What percentage of the people covered by deinstitutionalization consists of men like Laugher?
There is no way of measuring that. The nature of mental illness and how we define and treat it has changed so much that it is difficult to measure who would or would have been institutionalized.
But it is pretty damn low. We've got oh, a dozen or so mass shooters who are clearly mentally ill over a period of a couple of years, against tens of thousands of people who are or have been treated for psychiatric problems on an inpatient basis, many of whom may have been candidates for institutionalization in the past.
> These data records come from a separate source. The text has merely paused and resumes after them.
lemma fine_subdivision_exists:
  assumes u: "u \<in> U" and k: "k \<in> {1..2*g}"
  obtains N r \<rho> where "fine_subdivision u k j N r \<rho>"
proof -
  obtain d where d: "d > 0" "\<And>t i. t \<in> {0..1} \<Longrightarrow> i \<in> {1..2*g+1} \<Longrightarrow> d \<le> norm (p k u t - branch u i)"
    using cycle_branch_distance[OF u k] by blast
  define r where "r = d / 2"
  have r: "r > 0" using d by (simp add: r_def)
  have "u j \<in> {z. u(j := z) \<in> U}" using u by simp
  then obtain \<rho>0 where \<rho>0: "\<rho>0 > 0" "cball (u j) \<rho>0 \<subseteq> {z. u(j := z) \<in> U}"
    using open_contains_cball[of "{z. u(j := z) \<in> U}"] open_moved_point_set[of u j] by blast
  define Kc where "Kc = cball (u j) \<rho>0 \<times> {0..1::real}"
  define \<Phi> where "\<Phi> q = p k (u(j := fst q)) (snd q)" for q
  have "continuous_on Kc \<Phi>"
    unfolding Kc_def \<Phi>_def
    by (rule continuous_on_subset[OF continuous_on_moved_cycle[OF k]]) (use \<rho>0(2) in auto)
  moreover have "compact Kc" unfolding Kc_def by (simp add: compact_Times)
  ultimately have "uniformly_continuous_on Kc \<Phi>" by (rule compact_uniformly_continuous)
  moreover have "r / 2 > 0" using r by simp
  ultimately obtain \<epsilon> where \<epsilon>: "\<epsilon> > 0"
    "\<And>q q'. q \<in> Kc \<Longrightarrow> q' \<in> Kc \<Longrightarrow> dist q' q < \<epsilon> \<Longrightarrow> dist (\<Phi> q') (\<Phi> q) < r/2"
    unfolding uniformly_continuous_on_def by metis
  obtain N :: nat where N: "1 / \<epsilon> < real N" using reals_Archimedean2 by blast
  have N0: "N > 0" using N \<epsilon> by (cases N) (auto simp: field_simps)
  have invN: "1 / real N < \<epsilon>" using N \<epsilon> N0 by (simp add: field_simps)
  define \<rho> where "\<rho> = min (min \<rho>0 \<epsilon>) (r / 2)"
  have near: "u(j := z) \<in> U \<and>
      (\<forall>m<N. \<forall>t\<in>{real m / N .. real (Suc m) / N}. p k (u(j := z)) t \<in> ball (p k u (real m / N)) r)"
    if z: "dist z (u j) < \<rho>" for z
  proof (intro conjI allI impI ballI)
    have "z \<in> cball (u j) \<rho>0" using z unfolding \<rho>_def by (simp add: dist_commute)
    then show "u(j := z) \<in> U" using \<rho>0(2) by blast
    fix m t assume m: "m < N" and t: "t \<in> {real m / N .. real (Suc m) / N}"
    have node: "real m / N \<in> {0..1}" using m subdivision_node_in_unit_interval by simp
    have t01: "t \<in> {0..1}" using subdivision_piece_subset[OF m] t by blast
    have K: "(u j, real m / N) \<in> Kc" "(u j, t) \<in> Kc" "(z, t) \<in> Kc"
      using \<rho>0 z node t01 unfolding Kc_def \<rho>_def by (auto simp: dist_commute)
    have "t - real m / N \<le> 1 / N" using t by (simp add: add_divide_distrib)
    then have "dist (u j, t) (u j, real m / N) < \<epsilon>"
      using t invN by (simp add: dist_Pair_Pair dist_real_def)
    then have "dist (p k u t) (p k u (real m / N)) < r/2"
      using \<epsilon>(2)[OF K(1,2)] unfolding \<Phi>_def by simp
    moreover have "dist (z, t) (u j, t) < \<epsilon>" using z unfolding \<rho>_def by (simp add: dist_Pair_Pair)
    then have "dist (p k (u(j := z)) t) (p k u t) < r/2"
      using \<epsilon>(2)[OF K(2,3)] unfolding \<Phi>_def by simp
    ultimately have "dist (p k (u(j := z)) t) (p k u (real m / N)) < r"
      using dist_triangle[of "p k (u(j := z)) t" "p k u (real m / N)" "p k u t"] by linarith
    then show "p k (u(j := z)) t \<in> ball (p k u (real m / N)) r" by (simp add: dist_commute)
  qed
  have "2 * r \<le> norm (p k u (real m / N) - branch u i)" if "m \<le> N" "i \<in> {1..2*g+1}" for m i
    using d(2)[of "real m / N" i] that N0 unfolding r_def by (simp add: field_simps)
  moreover have "0 < \<rho>" "\<rho> \<le> r" using \<rho>0 \<epsilon> r unfolding \<rho>_def by auto
  ultimately have "fine_subdivision u k j N r \<rho>"
    unfolding fine_subdivision_def using N0 r near by blast
  then show ?thesis by (rule that)
qed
The prison problem is multi-faceted.
First, prisons, like any ongoing stressor, can induce or exacerbate mental illness in someone who may be vulnerable. Prison is not exactly the kind of place and lifestyle that is conducive to peace of mind. What would be easily manageable on the outside may be a disabling problem on the inside. What would not be noticed or measured on the outside becomes more obvious on the inside. I've lost count of the number of me who have drifted in and out of my life who have some pretty serious mental health problems that they won't seek treatment for--that is less the case in prison. Fewer incentives for avoiding treatment, perhaps more incentives for seeking treatment, and seriously exacerbating conditions.
Second, it's real easy to scam a mental health provider. If I was in prison, you bet I'd be scamming all the psych meds I could, just to keep awareness as low as possible.
Third, poor people are convicted more and receive longer sentences than financially stable people. Mentally ill people are generally poorer than people without mental illness.
Fourth, mentally ill people are convicted more than non-mentally ill people. Mental illness can look scary.
Fifth, and this is one that bugs the heck out of me personally, we seem to have confused evil and mental illness. Enjoying slicing people up and eating their faces does not a mental illness make, but when reads reports of such things, the immediate response is often "That guy is clearly crazy." No, that guy is clearly evil. Being different in a repulsive way is not necessarily mental illness. Sometimes it's just being evil. Of course, there are bona fide "illnesses" listed in the DSM that generally cause no distress to their "sufferers", do not appear to be treatable via medication or therapy, and the diagnostic criteria mostly consist of various ways in which in the individual is an real bastard. I'm not convinced that those belong in the DSM.
I'm not suggesting that Loughner is not bugnuts insane, but I don't know enough to say that he is, either. I know he talked about hurting people, threatened people, and liked reading crude expressions of politically-based hatred. I don't see how those things indicate mental illness. (Disclaimer: I know some people here have looked at the guy's writing and concluded he was nuts, along the lines of "time is cubed" [thanks, Fistful], and I don't dispute that, I am just saying that enthusiasm about violence and having random thoughts about lashing out at a variety of people is not a mental illness. It probably indicates someone who is a bad person and who does not have many critical thinking skills.
However, I'm not disputing the statement that some people with mental illness are violent and that their violence may be related to delusions or lack of appropriate social skills or self-control, but the problem of mental illness in prisons is about a lot more than deinstitutionalization. I notice that the graph of murder rates show less direct correlation. The murder rate is also a pretty complicated problem, and a lot of whole murders are also drug-related--often a result of criminalization. I would be really interested in seeing a breakdown of what sort of murders those are--gang/drug violence, domestic violence, felony murder incident to burglary or armed robbery, or crazy dude randomly shooting people because he thinks God told him to.
About those graphs: There are a whole lot of other factor that affect the prison population size and its growth since the early 80's, like the War on Drugs and the growing acceptance of expanding and expanding again and expanding again what is a felony and can lead to prison times. When some of the most onerous mandatory minimum laws were repealed, they were replaced by growing numbers of small-time MJ growers/sellers/users being imprisoned, and the number of other non-drug-related felonies growing exponentially.
Further, the vast majority of people in mental institutions during the age of institutions were not violent; I don't doubt that many who were, and who were released or not institutionalized, committed some murders. I don't suppose you have a graph that breaks down institutionalization in mental institutions and prison by sex? That might be interesting.